Exercise description: All that should be output is the block of lines below from the line with "else 0)) = f" to the line with "(\<Sum>x<N. if x", both included, exactly as written.

○ ○ ○ ○

text \<open>The m-th tensor power of GHZ is, up to a scalar, the unit tensor of rank 2^m, and
the n-th tensor power of Phi3 is the structure tensor of 2^n by 2^n matrix multiplication
once A's two qubit strings are read as the column and row index of X, B's as the row and
column index of Y, and C's as the row and column index of XY. An SLOCC conversion of the first
into the second is therefore exactly a decomposition of that tensor into 2^m rank-one terms,
i.e. a bilinear algorithm with 2^m multiplications. The two infima then agree because
restricting the matrix size to powers of two changes the number of multiplications only by a
constant factor.\<close>

text \<open>The matrix multiplication tensor has rank at most r: entry (a, b) of X, entry (c, d) of Y
and entry (i, k) of XY interact exactly when a = i, b = c and d = k.\<close>

definition mm_rank_le :: "nat \<Rightarrow> nat \<Rightarrow> bool" where
  "mm_rank_le N r \<longleftrightarrow>
     (\<exists>(u :: nat \<Rightarrow> nat \<Rightarrow> nat \<Rightarrow> complex) (v :: nat \<Rightarrow> nat \<Rightarrow> nat \<Rightarrow> complex)
        (w :: nat \<Rightarrow> nat \<Rightarrow> nat \<Rightarrow> complex).
       \<forall>a<N. \<forall>b<N. \<forall>c<N. \<forall>d<N. \<forall>i<N. \<forall>k<N.
         (if a = i \<and> b = c \<and> d = k then 1 else 0) = (\<Sum>l<r. w l i k * u l a b * v l c d))"

subsection \<open>Bilinear algorithms and the rank of the matrix multiplication tensor\<close>

lemma sum_sum_mult_indicator:
  fixes f :: "nat \<Rightarrow> nat \<Rightarrow> 'a :: comm_ring_1"
  assumes "a < N" "b < N"
  shows "(\<Sum>x<N. \<Sum>y<N. f x y * (if x = a \<and> y = b then 1 else 0)) = f a b"
proof -
  have "(\<Sum>x<N. \<Sum>y<N. f x y * (if x = a \<and> y = b then 1 else 0))
       = (\<Sum>x<N. if x = a then (\<Sum>y<N. f x y * (if y = b then 1 else 0)) else 0)"
    by (rule sum.cong) auto
  also have "\<dots> = (\<Sum>y<N. f a y * (if y = b then 1 else 0))"
    using assms by (simp add: sum.delta)
  also have "\<dots> = f a b"
    using assms by (simp add: sum.delta if_distrib cong: if_cong)
  finally show ?thesis .
qed

lemma mm_rank_le_if_bilinear_mm_algo:
  assumes "bilinear_mm_algo N r"
  shows "mm_rank_le N r"
proof -
  obtain u v w :: "nat \<Rightarrow> nat \<Rightarrow> nat \<Rightarrow> complex" where algo: "\<And>X Y i k. i < N \<Longrightarrow> k < N \<Longrightarrow>
      (\<Sum>j<N. X i j * Y j k) =
      (\<Sum>l<r. w l i k * (\<Sum>a<N. \<Sum>b<N. u l a b * X a b) * (\<Sum>a<N. \<Sum>b<N. v l a b * Y a b))"
    using assms unfolding bilinear_mm_algo_def by blast
  have "(if a = i \<and> b = c \<and> d = k then 1 else 0) = (\<Sum>l<r. w l i k * u l a b * v l c d)"
    if lt: "a < N" "b < N" "c < N" "d < N" "i < N" "k < N" for a b c d i k
  proof -
    \<comment> \<open>Feed the algorithm the matrix units \<open>E\<^sub>a\<^sub>b\<close> and \<open>E\<^sub>c\<^sub>d\<close>.\<close>
    define X :: "nat \<Rightarrow> nat \<Rightarrow> complex" where "X = (\<lambda>x y. if x = a \<and> y = b then 1 else 0)"
    define Y :: "nat \<Rightarrow> nat \<Rightarrow> complex" where "Y = (\<lambda>x y. if x = c \<and> y = d then 1 else 0)"
    have "X i j * Y j k = (if j = b then (if a = i \<and> b = c \<and> d = k then 1 else 0) else 0)" for j
      unfolding X_def Y_def by auto
    then have "(\<Sum>j<N. X i j * Y j k) = (if a = i \<and> b = c \<and> d = k then 1 else 0)"
      using lt by (simp add: sum.delta)
    moreover have "(\<Sum>x<N. \<Sum>y<N. u l x y * X x y) = u l a b"
      and "(\<Sum>x<N. \<Sum>y<N. v l x y * Y x y) = v l c d" for l
      unfolding X_def Y_def using lt by (simp_all only: sum_sum_mult_indicator)
    ultimately show ?thesis
      using algo[OF lt(5,6), of X Y] by simp
  qed
  then show ?thesis
    unfolding mm_rank_le_def by (intro exI[of _ u] exI[of _ v] exI[of _ w] allI impI)
qed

○ ○ ○ ○

Result:
  shows "(\<Sum>x<N. \<Sum>y<N. f x y * (if x = a \<and> y = b then 1 else 0)) = f a b"
proof -
  have "(\<Sum>x<N. \<Sum>y<N. f x y * (if x = a \<and> y = b then 1 else 0))
       = (\<Sum>x<N. if x = a then (\<Sum>y<N. f x y * (if y = b then 1 else 0)) else 0)"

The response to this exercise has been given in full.